Temporal Grounding은 비디오 V와 자연어 query q가 주어졌을 때, q가 묘사하는 사건의 시간 구간 [t_start, t_end]를 찾는 task다. 2024년까지 proposal/DETR 기반의 boundary regression 문제였다면, 2025–2026년에는 VLM이 timestamp를 token으로 직접 emit하는 verbal generation 문제로 재정의되었다. Time-R1(arXiv:2503.13377)이 zero-shot으로 Charades-STA [email protected]=78.1을 찍어 SFT baseline인 VideoChat-Flash 74.5를 넘은 사건이 이 패러다임 전환의 상징이다.

Task family — TSG vs MR vs TALFormal problem definition (V, q → [t_s, t_e])Eval metrics: R@N@IoU, mIoU, mAP, HIT@1

📏Benchmark Landscape & 7 Biases

벤치마크 지형도와 7가지 bias

Temporal grounding 벤치마크는 Charades-STA 30초짜리부터 ExtremeWhenBench 9시간짜리까지 시간 척도가 1,000배 차이가 난다. 같은 task 이름을 달고 있어도 측정하는 능력이 완전히 다르며, 7가지 known bias (caption-only prior, word shortcut, negative annotation 부재, localization-description entanglement, discrete granularity, train/test leak, long-form scarcity) 때문에 in-domain 점수만 보면 진짜 grounding이 아니라 dataset hack을 측정하는 결과가 된다.

11 benchmarks landscapeSOTA scores per benchmark 2026-06Otani et al. prior-only baseline

🏛️Pre-VLM Foundations — The DETR Era

Pre-VLM 시대 — 2D-TAN부터 DETR까지

2024년 이전 temporal grounding SOTA는 두 계열로 수렴했다. (1) 2D-TAN 계열의 proposal-grid + ranking head 방식, (2) Moment-DETR로 시작해 QD-DETR / CG-DETR / UniVTG로 진화한 set-prediction Transformer 계열. 두 흐름 모두 Charades-STA R1@0.5 ~60 부근에서 plateau를 만났고, 그 원인은 language understanding이 frozen encoder에 묶여 있고 head가 span regression이라는 닫힌 출력 공간을 갖는다는 구조적 한계였다. 이 ceiling이 곧 chapter 4의 "VLM이 timestamp를 verbal generation으로 직접 출력"이라는 패러다임 전환의 동기다.

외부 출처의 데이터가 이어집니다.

(* The BSDE is stabilizable if and only if $S_0\subset\mathcal C$, where $S_0:=\{y\in\mathbb R^d: Ay=0\}$. Consequently: (i) if $\mathbb S$ consists of a single ergodic class ($m=1$), then the BSDE is stabilizable; (ii) if $\mathbb S=\bigcup_{k=1}^m\mathbb S_k$ is the partition into ergodic classes, then the BSDE is stabilizable if and only if $\mathsf 1_{\mathbb S_k}\in\mathcal C$ for all $k=1,\dots,m$.
   Context: Let $\mathbb S=\{1,\dots,d\}$. Functions on $\mathbb S$ are identified with vectors in $\mathbb R^d$; $\mathsf 1$ is the all-ones vector, $\mathsf 1_D$ the indicator of $D\subset\mathbb S$, and $gh$ the entrywise product. $A$ is the rate matrix of a continuous-time Markov chain on $\mathbb S$ (off-diagonal entries nonnegative, rows summing to zero). $\mathbb S=\bigcup_{k=1}^m\mathbb S_k$ is its partition into ergodic classes, each a closed irreducible class. $h\in\mathbb R^d$ is the observation function of the model $Z_t=\int_0^th(X_s)\,\mathrm ds+W_t$. The BSDE is $$-\mathrm dY_t=(AY_t+hU_t+hV_t)\,\mathrm dt-V_t\,\mathrm dZ_t$$ with admissible (observation-adapted, square-integrable) controls $U$. Its controllable subspace $\mathcal C$ is the set of $Y_0$ reachable from some deterministic terminal condition $Y_T=c\mathsf 1$ using some admissible control. Equivalently (by a known result), $\mathcal C$ is the smallest subspace of $\mathbb R^d$ containing $\mathsf 1$ and closed under $g\mapsto Ag$ and $g\mapsto gh$. Since $\mathcal C$ is $A$-invariant, $A$ induces a map $\bar A_{uc}$ on $\mathbb R^d/\mathcal C$; in an orthonormal basis adapted to $\mathcal C\oplus\mathcal C^\perp$, $A$ is block upper triangular and $\bar A_{uc}$ is its lower-right block. The BSDE is stabilizable if either $\mathcal C=\mathbb R^d$, or $\mathcal C\ne\mathbb R^d$ and $\bar A_{uc}$ is Hurwitz. *)

theory Defs
  imports "HOL-Analysis.Analysis"
begin

text \<open>States are the elements of a finite type 'n; functions on the state space are
  vectors in real^'n; the rate matrix is a real^'n^'n.  Entrywise product of vectors
  is the componentwise multiplication (*) on real^'n, and 1 is the all-ones vector.\<close>

definition rate_matrix :: "real^'n^'n \<Rightarrow> bool" where
  "rate_matrix A \<longleftrightarrow> (\<forall>i j. i \<noteq> j \<longrightarrow> A$i$j \<ge> 0) \<and> (\<forall>i. (\<Sum>j\<in>UNIV. A$i$j) = 0)"

definition trans_rel :: "real^'n^'n \<Rightarrow> ('n \<times> 'n) set" where
  "trans_rel A = {(i,j). i \<noteq> j \<and> A$i$j > 0}"

definition ergodic_class :: "real^'n^'n \<Rightarrow> 'n set \<Rightarrow> bool" where
  "ergodic_class A K \<longleftrightarrow> K \<noteq> {}
     \<and> (\<forall>i\<in>K. \<forall>j. (i,j) \<in> trans_rel A \<longrightarrow> j \<in> K)
     \<and> (\<forall>i\<in>K. \<forall>j\<in>K. (i,j) \<in> (trans_rel A \<inter> (K \<times> K))\<^sup>*)"

definition ergodic_partition :: "real^'n^'n \<Rightarrow> 'n set set \<Rightarrow> bool" where
  "ergodic_partition A P \<longleftrightarrow> (\<forall>K\<in>P. ergodic_class A K) \<and> \<Union>P = UNIV
     \<and> (\<forall>K\<in>P. \<forall>L\<in>P. K \<noteq> L \<longrightarrow> K \<inter> L = {})"

definition ctrl_space :: "real^'n^'n \<Rightarrow> real^'n \<Rightarrow> (real^'n) set" where
  "ctrl_space A h = \<Inter>{V. subspace V \<and> 1 \<in> V \<and> (\<forall>g\<in>V. A *v g \<in> V) \<and> (\<forall>g\<in>V. g * h \<in> V)}"

definition indic_vec :: "'n set \<Rightarrow> real^'n" where
  "indic_vec D = (\<chi> i. if i \<in> D then 1 else 0)"

definition cplx_sub :: "(real^'n) set \<Rightarrow> (complex^'n) set" where
  "cplx_sub C = {v. (\<chi> i. Re (v$i)) \<in> C \<and> (\<chi> i. Im (v$i)) \<in> C}"

definition cplx_mat :: "real^'n^'n \<Rightarrow> complex^'n^'n" where
  "cplx_mat A = (\<chi> i j. complex_of_real (A$i$j))"
(* Let $Q$ be a set, $(F_i)_{i\in I}$ a family of real-valued maps on $Q$ and $(k_i)_{i\in I}$ a bounded family of nonnegative reals. Assume $\sum_{t\in S}|F_i(t)|\le k_i\mod c_0(I)$ for every finite $S\subseteq Q$, and that $\{i\in I:F_i(t)\ne0\}$ is countable for every $t\in Q$. Then the following are equivalent: (a) $(F_i)_{i\in I}$ is of type $c_0\ell_1$; (b) there exist disjoint sets $A,B$ with $I\times Q=A\cup B$ such that $\lim_{i\in I}F_i(t)\chi_A(i,t)=0$ for all $t\in Q$ and $B_i=\{t\in Q:(i,t)\in B\}$ is countable for all $i\in I$; (c) $(F_i)_{i\in I}$ is of type $c_0\ell_1$ bounded by $(k_i)_{i\in I}$.
   Context: $\lim_{i\in I}a_i=0$ means $\{i:|a_i|\ge\varepsilon\}$ is finite for every $\varepsilon>0$; $c_0(I)$ is the set of such families. "$x_i\le y_i\mod c_0(I)$" means $\{i:x_i\ge y_i+\varepsilon\}$ is finite for every $\varepsilon>0$. $\chi_A$ is the characteristic function of $A$. $(F_i)$ is of type $c_0\ell_1$ if $F_i(t)=a_{i,t}+b_{i,t}$ ($i\in I$, $t\in Q$) with $\lim_ia_{i,t}=0$ for each $t\in Q$ and $\sup_i\sum_{t\in Q}|b_{i,t}|<\infty$; it is of type $c_0\ell_1$ bounded by $(k_i)$ if additionally $\sum_{t\in Q}|b_{i,t}|\le k_i$ for each $i$. *)

theory Defs
  imports "HOL-Library.Countable_Set" "HOL-Library.Indicator_Function" Complex_Main
begin

definition lim_zero :: "'i set \<Rightarrow> ('i \<Rightarrow> real) \<Rightarrow> bool" where
  "lim_zero I a \<longleftrightarrow> (\<forall>\<epsilon>>0. finite {i\<in>I. \<bar>a i\<bar> \<ge> \<epsilon>})"

definition le_mod_c0 :: "'i set \<Rightarrow> ('i \<Rightarrow> real) \<Rightarrow> ('i \<Rightarrow> real) \<Rightarrow> bool" where
  "le_mod_c0 I x y \<longleftrightarrow> (\<forall>\<epsilon>>0. finite {i\<in>I. x i \<ge> y i + \<epsilon>})"

text \<open>Sum over Q of the nonnegative terms |b t| is at most C (unordered sum = sup of finite partial sums).\<close>
definition abs_sum_le :: "'t set \<Rightarrow> ('t \<Rightarrow> real) \<Rightarrow> real \<Rightarrow> bool" where
  "abs_sum_le Q b C \<longleftrightarrow> (\<forall>S. finite S \<and> S \<subseteq> Q \<longrightarrow> (\<Sum>t\<in>S. \<bar>b t\<bar>) \<le> C)"

definition type_c0l1 :: "'i set \<Rightarrow> 't set \<Rightarrow> ('i \<Rightarrow> 't \<Rightarrow> real) \<Rightarrow> bool" where
  "type_c0l1 I Q F \<longleftrightarrow> (\<exists>a b. (\<forall>i\<in>I. \<forall>t\<in>Q. F i t = a i t + b i t)
      \<and> (\<forall>t\<in>Q. lim_zero I (\<lambda>i. a i t))
      \<and> (\<exists>C. \<forall>i\<in>I. abs_sum_le Q (b i) C))"

definition type_c0l1_bounded :: "'i set \<Rightarrow> 't set \<Rightarrow> ('i \<Rightarrow> 't \<Rightarrow> real) \<Rightarrow> ('i \<Rightarrow> real) \<Rightarrow> bool" where
  "type_c0l1_bounded I Q F k \<longleftrightarrow> (\<exists>a b. (\<forall>i\<in>I. \<forall>t\<in>Q. F i t = a i t + b i t)
      \<and> (\<forall>t\<in>Q. lim_zero I (\<lambda>i. a i t))
      \<and> (\<exists>C. \<forall>i\<in>I. abs_sum_le Q (b i) C)
      \<and> (\<forall>i\<in>I. abs_sum_le Q (b i) (k i)))"

end

theory Submission
  imports Defs "HOL-Analysis.Infinite_Sum"
begin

2D-TAN / MS-2D-TAN proposal-based groundingMoment-DETR (M-DETR) — Transformer decoder의 첫 진입QD-DETR query-dependent video representation

🧠VLM-as-Grounder — Timestamp Generation

VLM-as-Grounder — Timestamp를 직접 emit하는 시대

2025년을 기점으로 temporal grounding은 boundary regression 문제에서 timestamp를 텍스트 토큰으로 emit하는 generation 문제로 재정의되었다. UniTime (NeurIPS 2025, arXiv:2506.18883)은 하나의 generative MLLM으로 Charades-STA / ActivityNet / TACoS / QVHighlights를 동시에 잡았고, MeCo (ICLR 2026, arXiv:2503.09027)는 timestamp를 직접 쓰지 않고 structural token + contrastive grounding으로 QVHighlights에서 mAP=45.3 / HIT@1=75.1을 찍어 M-DETR, UMT, QD-DETR, CG-DETR, UniVTG를 모두 추월했다.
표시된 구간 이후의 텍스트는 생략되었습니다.